Effectiveness of all the filters in improving the panel-wide calling efficacy
We systematically evaluated the effectiveness of each of the above-described three steps in the proposed approach. With respect to reducing noise, the virtual barcode clustering step removed the majority of noise in both 14 Oncsmart2 controls (Figure 5A) and 11 Oncsmart2 RSDs (Figure 5B). The subsequent filters showed greater effectiveness of error reduction in RSDs versus controls (Figure 5B), indicating the necessity of these filters for error reduction in high-template samples, such as samples from various types of cancer. By combining all the filters, the mean panel-wide error position percentage of 25 Oncosmart2 BGs was extremely low (Table S4; 7.95*10-4%), lower than reported percentage in iDES (2%~10%). In Oncosmart2 RSDs, false-positive sites were maintained at extremely low numbers (Figure 5C). We then calculated the sensitivity, PPV , F1 score and false positive rate (FPR) per genomic position of our algorithm and five panel-wide calling algorithms at every level using 25 Oncosmart2 BGs (Figure S8; Table S4). The results showed that the performance of our algorithm was significantly better than that of previously published calling software at every AF level from 0.1% to 5% (Figures 5D ~ 5H). Our algorithm kept the false positive rate (FPR) per genomic position lower than benchmarked software and the reported FPRs in ERASE-seq(27) and iDES (Table S4). Additional validation of our algorithm using 5 Oncosmart3 RSDs proved the robustness of our algorithm at AF levels ranging from 0.1% to 5% (Figure S9; Table S2-1: Sensitivity).

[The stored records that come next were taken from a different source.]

lemma sol_nonvanishing_below:
  assumes c0: "0 \<le> c" and cd: "c*\<delta> \<le> 1/3" and t: "t \<in> {0..\<delta>}"
    and l: "l < -1 - c - c^2/2 - 3/2*(c^3*\<delta>^2 + c^4*\<delta>^2/4)"
  shows "sol c l 1 (-1) t \<noteq> 0"
proof
  assume z: "sol c l 1 (-1) t = 0"
  then have tpos: "0 < t" using t by (cases "t = 0") (auto simp: sol_at_0)
  have "c * t < 1" using t c0 cd mult_left_mono[of t \<delta> c] by auto
  note S = sol_on_interval[OF c0 this, where l=l and a=1 and b="-1"]
  have "-1 - c - c^2/2 - 3/2*(c^3*\<delta>^2 + c^4*\<delta>^2/4) \<le> l"
    by (rule eigenvalue_lower_bound[OF c0 cd tpos _ S(1) S(2) S(3), where r=0])
      (use t tpos z in \<open>auto simp: sol_at_0\<close>)
  with l show False by simp
qed

text \<open>Were the solution without zeros on \<open>[0, \<delta>]\<close>, the Rayleigh quotient of the trial function
  would dominate the parameter.\<close>
lemma sol_vanishes_above_trial_energy:
  fixes c \<delta> :: real
  defines "A \<equiv> (trial c \<delta>)^2*\<delta> + c^3*\<delta>^2"
  assumes c0: "0 < c" and c1: "c \<le> 1" and cd: "c*\<delta> \<le> 1/3" and d5: "5 \<le> \<delta>"
  shows "\<exists>t\<in>{0..\<delta>}. sol c (-1 - c - c^2/2 + 100*A + c^4) 1 (-1) t = 0"
proof (rule ccontr)
  define \<mu> where "\<mu> = -1 - c - c^2/2 + 100*A + c^4"
  define I where "I = integral {0..\<delta>} (\<lambda>t. (1 - c*t) * (trial c t - trial c \<delta>)^2)"
  assume "\<not> (\<exists>t\<in>{0..\<delta>}. sol c (-1 - c - c^2/2 + 100*A + c^4) 1 (-1) t = 0)"
  then have nz: "\<And>t. t \<in> {0..\<delta>} \<Longrightarrow> sol c \<mu> 1 (-1) t \<noteq> 0" unfolding \<mu>_def by blast
  have d0: "0 < \<delta>" using d5 by simp
  have cd1: "c * \<delta> < 1" using cd by simp
  note S = sol_on_interval[OF less_imp_le[OF c0] cd1, where l=\<mu> and a=1 and b="-1"]
  have w: "0 < 1 - c*t" if "t \<in> {0..\<delta>}" for t
  proof -
    have "c * t \<le> c * \<delta>" using that c0 by (intro mult_left_mono) auto
    then show ?thesis using cd by simp
  qed
  have df: "((\<lambda>t. trial c t - trial c \<delta>) has_real_derivative (-1 + c^2*t/2) * trial c t) (at t within {0..\<delta>})" for t
    using DERIV_diff[OF has_real_derivative_trial DERIV_const] by simp
  have "\<mu> * I \<le> integral {0..\<delta>} (\<lambda>t. (1 - c*t) * ((-1 + c^2*t/2) * trial c t)^2) - (trial c 0 - trial c \<delta>)^2"
    unfolding I_def
    by (rule rayleigh_ge_of_nonvanishing_solution[OF d0 w S(1) S(2) S(6) S(3) nz _ df])
      (auto simp: sol_at_0 intro!: continuous_intros continuous_on_trial)
  also have "\<dots> \<le> (-1 - c - c^2/2) * I + A"
    using trial_energy_le[OF less_imp_le[OF c0] c1 cd d0] unfolding I_def A_def .
  finally have "(100*A + c^4) * I \<le> A" unfolding \<mu>_def by (simp add: algebra_simps)
  moreover have "(100*A + c^4) * (1/50) \<le> (100*A + c^4) * I"
    using trial_weighted_norm_ge[OF less_imp_le[OF c0] cd d5] c0 d0
    unfolding I_def A_def by (intro mult_left_mono) auto
  moreover have "0 \<le> A" "0 < c^4" unfolding A_def using c0 d0 by auto
  ultimately show False by (simp add: algebra_simps)
qed
lemma emeasure_PiM_prefix_indep:
  fixes M :: "'a measure" and R :: "(nat \<Rightarrow> 'a) set"
  assumes M: "prob_space M" and W: "W \<in> sets M" and R: "R \<in> sets (\<Pi>\<^sub>M j\<in>UNIV. M)"
    and prefix: "\<And>\<omega> \<omega>'. (\<And>j. j < i \<Longrightarrow> \<omega> j = \<omega>' j) \<Longrightarrow> \<omega> \<in> R \<longleftrightarrow> \<omega>' \<in> R"
  shows "emeasure (\<Pi>\<^sub>M j\<in>UNIV. M) {\<omega> \<in> R. \<omega> i \<in> W} = emeasure M W * emeasure (\<Pi>\<^sub>M j\<in>UNIV. M) R"
proof -
  interpret M: prob_space M by (rule M)
  obtain x where x: "x \<in> space M"
    using M.not_empty by blast
  \<comment> \<open>Resetting coordinate \<open>i\<close> to a constant leaves membership in \<open>R\<close> unchanged and makes
    that coordinate independent of \<open>W\<close>.\<close>
  define g where "g j = (if j = i then (\<lambda>_. x) else id)" for j
  have g: "g j \<in> M \<rightarrow>\<^sub>M M" for j
    using x by (simp add: g_def)
  have reset: "(\<lambda>j. g j (\<omega> j)) \<in> R \<longleftrightarrow> \<omega> \<in> R" for \<omega>
    by (rule prefix) (simp add: g_def)
  have cylinder: "emeasure (\<Pi>\<^sub>M j\<in>UNIV. M) {\<omega> \<in> space (\<Pi>\<^sub>M j\<in>UNIV. M). (\<forall>j\<in>K. \<omega> j \<in> V) \<and> \<omega> \<in> R}
      = (\<Prod>j\<in>K. emeasure M V) * emeasure (\<Pi>\<^sub>M j\<in>UNIV. distr M M (g j)) R"
    if K: "K \<subseteq> {i}" and V: "V \<in> sets M" for K V
  proof -
    have "emeasure M (V \<inter> g j -` B) = emeasure M V * emeasure M (g j -` B \<inter> space M)"
      if "j \<in> K" for j B
      using that K sets.sets_into_space[OF V] M.emeasure_space_1 by (auto simp: g_def Int_absorb2)
    with K V have "emeasure (\<Pi>\<^sub>M j\<in>UNIV. M)
        {\<omega> \<in> space (\<Pi>\<^sub>M j\<in>UNIV. M). (\<forall>j\<in>K. \<omega> j \<in> V) \<and> (\<lambda>j. g j (\<omega> j)) \<in> R}
      = (\<Prod>j\<in>K. emeasure M V) * emeasure (\<Pi>\<^sub>M j\<in>UNIV. distr M M (g j)) R"
      by (intro emeasure_PiM_cylinder_map M g R) (auto intro: finite_subset)
    then show ?thesis
      by (simp add: reset)
  qed
  have R_space: "R \<subseteq> space (\<Pi>\<^sub>M j\<in>UNIV. M)"
    using R by (rule sets.sets_into_space)
  have "{\<omega> \<in> space (\<Pi>\<^sub>M j\<in>UNIV. M). (\<forall>j\<in>{i}. \<omega> j \<in> W) \<and> \<omega> \<in> R} = {\<omega> \<in> R. \<omega> i \<in> W}"
       "{\<omega> \<in> space (\<Pi>\<^sub>M j\<in>UNIV. M). (\<forall>j\<in>{}. \<omega> j \<in> space M) \<and> \<omega> \<in> R} = R"
    using R_space by auto
  with cylinder[of "{i}" W] cylinder[of "{}" "space M"] W show ?thesis
    by simp
qed

section \<open>Power series at the endpoint 1\<close>

lemma tendsto_power_series_at_left_1:
  fixes a :: "nat \<Rightarrow> real"
  assumes "summable (\<lambda>k. \<bar>a k\<bar>)"
  shows "((\<lambda>x. \<Sum>k. a k * x ^ k) \<longlongrightarrow> (\<Sum>k. a k)) (at_left 1)"
proof -
  have "continuous_on {0..1} (\<lambda>x. \<Sum>k. a k * x ^ k)"
  proof (rule uniform_limit_theorem)
    show "uniform_limit {0..1} (\<lambda>n x. \<Sum>k<n. a k * x ^ k) (\<lambda>x. \<Sum>k. a k * x ^ k) sequentially"
      using assms by (intro Weierstrass_m_test) (auto simp: abs_mult power_le_one mult_left_le)
  qed (auto intro!: always_eventually continuous_intros)
  then have "((\<lambda>x. \<Sum>k. a k * x ^ k) \<longlongrightarrow> (\<Sum>k. a k * 1 ^ k)) (at 1 within {0..1})"
    by (rule continuous_on_def[THEN iffD1, rule_format]) simp
  then show ?thesis
    by (simp add: at_within_Icc_at_left)
qed

lemma tendsto_one_minus_power_series_at_right_0:
  fixes f :: "real \<Rightarrow> real" and c :: "nat \<Rightarrow> real"
  assumes c_nonneg: "\<forall>k. c k \<ge> 0"
    and c_sum: "(\<lambda>k. c (Suc k)) sums 1"
    and f_form: "\<forall>p\<in>{0<..<1}. f p = 1 - (\<Sum>k. c (Suc k) * (1 - p) ^ Suc k)"
  shows "(f \<longlongrightarrow> 0) (at_right 0)"
proof -
  define g where "g x = x * (\<Sum>k. c (Suc k) * x ^ k)" for x :: real
  have "summable (\<lambda>k. \<bar>c (Suc k)\<bar>)"
    using c_nonneg sums_summable[OF c_sum] by simp
  then have "(g \<longlongrightarrow> 1 * (\<Sum>k. c (Suc k))) (at_left 1)"
    unfolding g_def by (intro tendsto_mult tendsto_ident_at tendsto_power_series_at_left_1)
  then have g_lim: "(g \<longlongrightarrow> 1) (at_left 1)"
    using sums_unique[OF c_sum] by simp
  have "filterlim (\<lambda>p. 1 - p) (at_left 1) (at_right (0::real))"
    unfolding filterlim_at
  proof
    show "\<forall>\<^sub>F p in at_right 0. 1 - p \<in> {..<1} \<and> 1 - p \<noteq> (1::real)"
      using eventually_at_right_less[of "0::real"] by (rule eventually_mono) simp
    have "((\<lambda>p. 1 - p) \<longlongrightarrow> 1 - 0) (at_right (0::real))"
      by (intro tendsto_intros)
    then show "((\<lambda>p. 1 - p) \<longlongrightarrow> 1) (at_right (0::real))"
      by simp
  qed
  with g_lim have "((\<lambda>p. g (1 - p)) \<longlongrightarrow> 1) (at_right 0)"
    by (rule filterlim_compose)
  then have "((\<lambda>p. 1 - g (1 - p)) \<longlongrightarrow> 1 - 1) (at_right 0)"
    by (intro tendsto_diff tendsto_const)
  moreover have "\<forall>\<^sub>F p in at_right 0. 1 - g (1 - p) = f p"
  proof (rule eventually_mono[OF eventually_at_right_real[OF zero_less_one]])
    fix p :: real assume p: "p \<in> {0<..<1}"
    have "norm (c (Suc k) * (1 - p) ^ k) \<le> c (Suc k)" for k
    proof -
      have "0 \<le> c (Suc k)" "0 \<le> (1 - p) ^ k" "(1 - p) ^ k \<le> 1"
        using c_nonneg p by (auto intro: power_le_one)
      then show ?thesis
        by (simp add: abs_mult mult_left_le)
    qed
    then have "summable (\<lambda>k. c (Suc k) * (1 - p) ^ k)"
      by (intro summable_comparison_test'[OF sums_summable[OF c_sum]])
    then have "(\<Sum>k. c (Suc k) * (1 - p) ^ Suc k) = (1 - p) * (\<Sum>k. c (Suc k) * (1 - p) ^ k)"
      using suminf_mult[of "\<lambda>k. c (Suc k) * (1 - p) ^ k" "1 - p"] by (simp add: mult.left_commute)
    then show "1 - g (1 - p) = f p"
      using f_form p by (simp add: g_def)
  qed
  ultimately show ?thesis
    using tendsto_cong[of "\<lambda>p. 1 - g (1 - p)" f "at_right 0" 0] by simp
qed
(* Consider the input-output system $\dot{\mathbf x}=\mathbf f(\mathbf x)+\hat{\mathbf e}_1 g(u,x_1)$, $u\in J$, with output $x_j$ for some fixed $j$, satisfying assumption (A0). Let $\mathcal J$ be the signed symbolic matrix consistent with $\frac{\partial\mathbf f}{\partial\mathbf x}$. If the polynomial $\mathcal J[\hat 1,\hat j]$ is not identically zero and does not have mixed signs, then the system is not quasi-adaptive and does not exhibit biphasic response.
   Context: $\mathcal X\subset\mathbb R^n$, $J\subset\mathbb R$ an interval, $\mathbf f:\mathcal X\to\mathbb R^n$ is $C^1$, every entry $\partial f_i/\partial x_k$ has constant sign (positive, negative, or identically zero) on $\mathcal X$, and $\partial f_i/\partial x_i<0$. $\hat{\mathbf e}_1$ is the first standard basis vector. The control term $g$ is one of: flow, $g(u,x_1)=u$; activation, $g(u,x_1)=(u+k_{\mathrm{on}})(x_T-x_1)-k_{\mathrm{off}}x_1$; inhibition, $g(u,x_1)=k_{\mathrm{on}}(x_T-x_1)-(u+k_{\mathrm{off}})x_1$, with constants $x_T,k_{\mathrm{on}},k_{\mathrm{off}}>0$; in the activation and inhibition cases the state space satisfies $0\le x_1\le x_T$ and every steady state has $0<x_1<x_T$. Write $\mathbf F(\mathbf x,u)=\mathbf f(\mathbf x)+\hat{\mathbf e}_1g(u,x_1)$. Assumption (A0): for every $u_0\in J$ there is $\mathbf x_0\in\mathcal X$ with $\mathbf F(\mathbf x_0,u_0)=\mathbf 0$ and $\frac{\partial\mathbf F}{\partial\mathbf x}(\mathbf x_0,u_0)$ of full rank; by the implicit function theorem this gives continuously differentiable steady-state curves $\mathbf x^*(u)$. The system is quasi-adaptive if, along such a steady-state curve, $\partial_u x_j^*(u_0)=0$ for some $u_0\in J$; it exhibits biphasic response if $\partial_u x_j^*(u_1)\,\partial_u x_j^*(u_2)<0$ for some $u_1,u_2\in J$. The signed symbolic matrix consistent with $\frac{\partial\mathbf f}{\partial\mathbf x}$ is the matrix $\mathcal J$ whose $(i,k)$ entry is $a_{ik}$, $-a_{ik}$ or $0$ (with $a_{ik}$ distinct variables) according as $\partial f_i/\partial x_k$ is positive, negative, or zero. $\mathcal J[\hat 1,\hat j]$ is the minor with row $1$ and column $j$ deleted. A polynomial has mixed signs if, after cancellations, it has monomials with both positive and negative coefficients. *)

theory Defs
  imports "HOL-Analysis.Analysis" "HOL-Library.Poly_Mapping"
begin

A small number of false-positive sites were retained in the 25 Oncosmart2 BGs. From a previous reference, we incorporated low-complexity (LC) regions (46) and short tandem regions (STRs) (47) into the pipeline. False-positive sites left in controls were annotated as SNP sites (Table S5) and explained by the “spreading-of-signal”(48) with the newer sequencing platform (HiSeq 3000/4000/X Ten) in the same sequencing lane (Table S6).